I strongly recommend against this.

Keep "st_mtime" (or data.st.st_mtime per my earlier suggestion) as the raw 
mtime. Any human readable transcription of the time should get a name like 
"human_st_mtime".

Better still, if you make a Dirent class for "data", you can give it a property 
like:

   @property
   def human_st_mtime(self):
     return time.asctime(time.localtime(self.st.st_mtime))

and just use ".human.st.mtime" like any other attribute later when needed.  
Note: no brackets.

>            data["st_ctime"] = st[ST_CTIME]
>            if not x.name.strip().lower() in self.files_to_ignore:

Personally I phrase this as "a not in b" instead of "not a in b".

Also, if you really are ignoring it, you could go:

   if norm_name in self.files_to_ignore:
     # do nothing else with this entry
     continue

and save yourself some indentation below. Not everyone likes this.

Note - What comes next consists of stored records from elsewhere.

lemma functional_bound_through_summand:
  assumes dec: "decomposes D D'" and orth_sum: "\<forall>d\<in>D. \<forall>d'\<in>D'. N (vadd d d') = max (N d) (N d')"
    and phi: "klin_functional K E phi"
    and psi_proj: "\<And>y. y \<in> E \<Longrightarrow> psi (proj D D' y) = psi y"
    and agree: "\<And>d. d \<in> D \<Longrightarrow> psi d = phi d"
    and y: "y \<in> E"
  shows "s * v (psi y) \<le> v (dual_image phi) * N y"
proof -
  obtain d' where d: "proj D D' y \<in> D" and d': "d' \<in> D'" "y = vadd (proj D D' y) d'"
    using proj_in[OF dec y] .
  have d_E: "proj D D' y \<in> E" using d decomposesD(3)[OF dec] by blast
  have "s * v (psi y) = s * v (phi (proj D D' y))" using psi_proj[OF y] agree[OF d] by simp
  also have "\<dots> \<le> v (dual_image phi) * N (proj D D' y)" by (rule functional_bound[OF phi d_E])
  also have "\<dots> \<le> v (dual_image phi) * N y"
  proof -
    have "N y = N (vadd (proj D D' y) d')" using d'(2) by (rule arg_cong)
    also have "\<dots> = max (N (proj D D' y)) (N d')" using orth_sum d d'(1) by blast
    finally show ?thesis by (simp add: mult_left_mono)
  qed
  finally show ?thesis .
qed

text \<open>If \<open>E = D_1 \<oplus> D_2\<close>, take \<open>phi_i\<close> factoring through the projection onto \<open>D_i\<close>.  The
  norm of \<open>phi_1\<close> is then at most that of \<open>phi_1 - b phi_2\<close>, although \<open>b \<in> K\<close> can be chosen
  with \<open>v (dual_image (phi_1 - b phi_2)) < v (dual_image phi_1)\<close>, because \<open>K\<^sup>\<or>\<close> is an immediate
  extension.\<close>
theorem indecomposable_E: "indecomposable K N E"
  unfolding indecomposable_def
proof
  assume "decomposable K N E"
  then obtain D1 D2 where dec: "decomposes D1 D2" and nontriv: "D1 \<noteq> {vzero}" "D2 \<noteq> {vzero}"
    and orth_sum: "\<forall>d1\<in>D1. \<forall>d2\<in>D2. N (vadd d1 d2) = max (N d1) (N d2)"
    unfolding decomposable_def decomposes_def by blast
  obtain d1 where d1: "d1 \<in> D1" "d1 \<noteq> vzero"
    using nontriv(1) vzero_in_ksubspace[OF decomposesD(1)[OF dec]] by blast
  obtain d2 where d2: "d2 \<in> D2" "d2 \<noteq> vzero"
    using nontriv(2) vzero_in_ksubspace[OF decomposesD(2)[OF dec]] by blast
  obtain phi1 where phi1: "klin_functional K E phi1" "\<And>y. y \<in> E \<Longrightarrow> phi1 (proj D1 D2 y) = phi1 y"
    "\<And>d. d \<in> D2 \<Longrightarrow> phi1 d = 0" "phi1 d1 \<noteq> 0"
    using functional_on_summand[OF dec d1] by blast
  obtain phi2 where phi2: "klin_functional K E phi2" "\<And>d. d \<in> D1 \<Longrightarrow> phi2 d = 0" "phi2 d2 \<noteq> 0"
    using functional_on_summand[OF decomposes_swap[OF dec] d2] by blast
  have "dual_image phi1 \<noteq> 0" "dual_image phi2 \<noteq> 0"
    using dual_image_nonzero[OF phi1(1) _ phi1(4)] dual_image_nonzero[OF phi2(1) _ phi2(3)]
      d1(1) d2(1) decomposesD(3,4)[OF dec] by blast+
  then obtain b where b: "b \<in> K" "v (dual_image phi1 - b * dual_image phi2) < v (dual_image phi1)"
    by (rule immediate_approx_multiple)
  define phi where "phi y = phi1 y - b * phi2 y" for y
  have phi: "klin_functional K E phi"
    unfolding phi_def using klin_functional_diff[OF phi1(1) phi2(1) b(1)] .
  have "v (dual_image phi1) \<le> v (dual_image phi)"
    using functional_bound_through_summand[where psi = phi1, OF dec orth_sum phi phi1(2)] phi2(2)
    by (intro v_dual_image_le[OF phi1(1)]) (simp add: phi_def)
  then show False using b(2) unfolding phi_def dual_image_diff by simp
qed

end

section \<open>Subspaces of dimension \<open>n\<close>\<close>

context E_space
begin

definition hyperplane :: "(nat \<Rightarrow> 'a) \<Rightarrow> (nat \<Rightarrow> 'a) set" where
  "hyperplane a = {Evec c | c. Kcoeffs c \<and> (\<Sum>i<Suc n. c i * a i) = 0}"

lemma Evec_in_hyperplane_iff:
  assumes c: "Kcoeffs c" shows "Evec c \<in> hyperplane a \<longleftrightarrow> (\<Sum>i<Suc n. c i * a i) = 0"
proof
  assume "Evec c \<in> hyperplane a"
  then obtain c' where c': "Kcoeffs c'" "Evec c = Evec c'" "(\<Sum>i<Suc n. c' i * a i) = 0"
    unfolding hyperplane_def by blast
  have "(\<Sum>i<Suc n. c i * a i) = (\<Sum>i<Suc n. c' i * a i)"
    using Evec_inj[OF c c'(1,2)] by (intro sum.cong) auto
  then show "(\<Sum>i<Suc n. c i * a i) = 0" using c'(3) by simp
qed (use c in \<open>auto simp: hyperplane_def\<close>)

lemma hyperplane_vectors_dependent:
  assumes p: "p \<le> n" "a p \<noteq> 0"
    and C: "\<And>j. j \<le> n \<Longrightarrow> Kcoeffs (C j)" "\<And>j. j \<le> n \<Longrightarrow> (\<Sum>i<Suc n. C j i * a i) = 0"
  obtains lam where "\<forall>j\<le>n. lam j \<in> K" "\<exists>j\<le>n. lam j \<noteq> 0"
    "(\<lambda>k. \<Sum>j<Suc n. lam j * Evec (C j) k) = vzero"
proof -
  have "card ({..n} - {p}) < Suc n" using p(1) by (simp add: card_Diff_singleton)
  moreover have "\<forall>i\<in>{..n} - {p}. \<forall>j<Suc n. C j i \<in> K" using C(1) by (auto simp: Kcoeffs_def)
  ultimately have "\<exists>lam. (\<forall>j<Suc n. lam j \<in> K) \<and> (\<exists>j<Suc n. lam j \<noteq> 0)
      \<and> (\<forall>i\<in>{..n} - {p}. (\<Sum>j<Suc n. C j i * lam j) = 0)"
    by (intro exists_nontrivial_solution) auto
  then obtain lam where lam: "\<forall>j\<le>n. lam j \<in> K" "\<exists>j\<le>n. lam j \<noteq> 0"
      "\<forall>i\<in>{..n} - {p}. (\<Sum>j<Suc n. C j i * lam j) = 0"
    by (auto simp: less_Suc_eq_le)
  define Z where "Z i = (\<Sum>j<Suc n. lam j * C j i)" for i
  have Z_other: "Z i = 0" if "i \<le> n" "i \<noteq> p" for i
    using lam(3) that unfolding Z_def by (simp add: mult.commute)
  have "(\<Sum>i<Suc n. a i * Z i) = (\<Sum>j<Suc n. lam j * (\<Sum>i<Suc n. C j i * a i))"
    unfolding Z_def sum_distrib_left by (subst sum.swap) (simp add: algebra_simps)
  also have "\<dots> = 0" using C(2) by (simp add: less_Suc_eq_le)
  finally have "(\<Sum>i<Suc n. a i * Z i) = 0" .
  moreover have "(\<Sum>i<Suc n. a i * Z i) = a p * Z p + (\<Sum>i\<in>{..<Suc n} - {p}. a i * Z i)"
    using p(1) by (subst sum.remove[of _ p]) auto
  moreover have "(\<Sum>i\<in>{..<Suc n} - {p}. a i * Z i) = 0" using Z_other by (intro sum.neutral) auto
  ultimately have "Z p = 0" using p(2) by simp
  then have Z_zero: "Z i = 0" if "i \<le> n" for i using Z_other that by (cases "i = p") auto
  have "(\<lambda>k. \<Sum>j<Suc n. lam j * Evec (C j) k) = Evec Z" unfolding Z_def by (rule Evec_sum)
  also have "\<dots> = vzero" unfolding vzero_eq_Evec by (rule Evec_cong) (rule Z_zero)
  finally show ?thesis using that lam by blast
qed

lemma kspan_subset_hyperplane:
  assumes C: "\<And>l. l < length bs \<Longrightarrow> Kcoeffs (C l) \<and> bs ! l = Evec (C l)"
    and C_a: "\<And>l. l < length bs \<Longrightarrow> (\<Sum>j<Suc n. C l j * a j) = 0"
  shows "kspan K bs \<subseteq> hyperplane a"
proof
  fix y assume "y \<in> kspan K bs"
  then obtain d where d: "\<forall>l<length bs. d l \<in> K" "y = (\<lambda>i. \<Sum>l<length bs. d l * (bs ! l) i)"
    unfolding kspan_def by blast
  have "y = (\<lambda>i. \<Sum>l<length bs. d l * Evec (C l) i)" unfolding d(2) using C by (intro ext sum.cong) auto
  also have "\<dots> = Evec (\<lambda>j. \<Sum>l<length bs. d l * C l j)" by (rule Evec_sum)
  finally have y: "y = Evec (\<lambda>j. \<Sum>l<length bs. d l * C l j)" .
  have coeffs: "Kcoeffs (\<lambda>j. \<Sum>l<length bs. d l * C l j)"
    using C d(1) unfolding Kcoeffs_def by (auto intro!: K_sum K_mult)
  have "(\<Sum>i<Suc n. (\<Sum>l<length bs. d l * C l i) * a i)
      = (\<Sum>l<length bs. d l * (\<Sum>i<Suc n. C l i * a i))"
    unfolding sum_distrib_right sum_distrib_left by (subst sum.swap) (simp add: mult.assoc)
  also have "\<dots> = 0" using C_a by simp
  finally show "y \<in> hyperplane a" unfolding y Evec_in_hyperplane_iff[OF coeffs] .
qed
(* Let $d\ge1$. (i) For $\lceil (d+1)/2\rceil\le j\le d$: $A(d+1,j,1)\le A(d+1,j,2)\le\dots\le A(d+1,j,d+1)$. (ii) For $0\le j\le\lfloor (d-1)/2\rfloor$: $A(d+1,j,1)\ge A(d+1,j,2)\ge\dots\ge A(d+1,j,d+1)$. (iii) If $d$ is even: $A(d+1,\tfrac d2,1)\le A(d+1,\tfrac d2,2)\le\dots\le A(d+1,\tfrac d2,\tfrac d2+1)\ge A(d+1,\tfrac d2,\tfrac d2+2)\ge\dots\ge A(d+1,\tfrac d2,d+1)$. (iv) For $0\le j\le d-1$: $A(d+1,j,1)=A(d+1,j+1,d+1)$.
   Context: $S_d$ is the symmetric group on $[d]=\{1,\dots,d\}$. For $\sigma\in S_d$, its descent set is $D(\sigma)=\{i\in[d-1]:\sigma(i)>\sigma(i+1)\}$ and $\mathrm{des}(\sigma)=\#D(\sigma)$. For $0\le i\le d-1$ and $1\le j\le d$, $A(d,i,j)=\#\{\sigma\in S_d:\mathrm{des}(\sigma)=i,\ \sigma(1)=j\}$. *)

theory Defs
  imports "HOL-Combinatorics.Permutations"
begin

definition descents :: "nat \<Rightarrow> (nat \<Rightarrow> nat) \<Rightarrow> nat set" where
  "descents d \<sigma> = {i \<in> {1..d - 1}. \<sigma> i > \<sigma> (Suc i)}"

definition des :: "nat \<Rightarrow> (nat \<Rightarrow> nat) \<Rightarrow> nat" where
  "des d \<sigma> = card (descents d \<sigma>)"

definition A :: "nat \<Rightarrow> nat \<Rightarrow> nat \<Rightarrow> nat" where
  "A d i j = card {\<sigma>. \<sigma> permutes {1..d} \<and> des d \<sigma> = i \<and> \<sigma> 1 = j}"

end

theory Submission
  imports Defs
begin

(* Deleting the first letter k of a permutation of {1..n+1} and standardizing the remaining
   values gives a bijection onto the permutations tau of {1..n}; position 1 becomes a descent
   exactly when tau 1 < k.  This yields the recurrence (A_rec)
     A (n+1) m k = sum_{k' < k} A n (m-1) k' + sum_{k' >= k} A n m k',
   hence the difference formula (A_step)
     A (n+1) m (k+1) - A (n+1) m k = A n (m-1) k - A n m k,
   and the case k = 1, k = n+1 gives part (iv).  Complementing values sigma i |-> n+1 - sigma i
   gives the symmetry A n m k = A n (n-1-m) (n+1-k) (A_complement).

   By the difference formula, monotonicity of A (n+1) m in the first letter is the same as
   comparing the neighbouring descent rows m-1 and m of A n.  We prove by induction on n that
   A n (m+1) k <= A n m k whenever 2m >= n-1, together with a companion inequality for the
   middle row when n is even (descent_rows_decreasing). *)

lemma sum_prefix_reflect:
  fixes f :: "nat \<Rightarrow> nat"
  assumes "1 \<le> k" "k \<le> d + 1"
  shows "(\<Sum>k'\<in>{1..<k}. f (Suc d - k')) = (\<Sum>j\<in>{Suc (Suc d) - k..d}. f j)"
  by (rule sum.reindex_bij_witness[where i="\<lambda>j. Suc d - j" and j="\<lambda>j. Suc d - j"])
    (use assms in auto)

>    def directory_in_cache(self, scan_directory):
>        """
>            Pass the target directory
>
>            Will return True if the directory is already cached
>            Will return False if the directory is not already cached
>        """
>        scan_directory = os.path.realpath(scan_directory).lower().strip()

Probably worth making normalisation function:

   def norm_name(name):
     return name.lower().strip()

becuase you do this a lot. Using a function ensures you do it the same way 
everywhere and makes it obvious that it is the same thing with the same purpose 
everywhere.

>        return scan_directory in self.directory_cache.keys()

You can just say:

   return scan_directory in self.directory_cache

and for added points you can rename "directory_in_cache" to "__contains__".  
That way from outside (or inside) you use "in" directly. Example:

   if "foo" in self:

Cheers,
Cameron Simpson <cs at zip.com.au>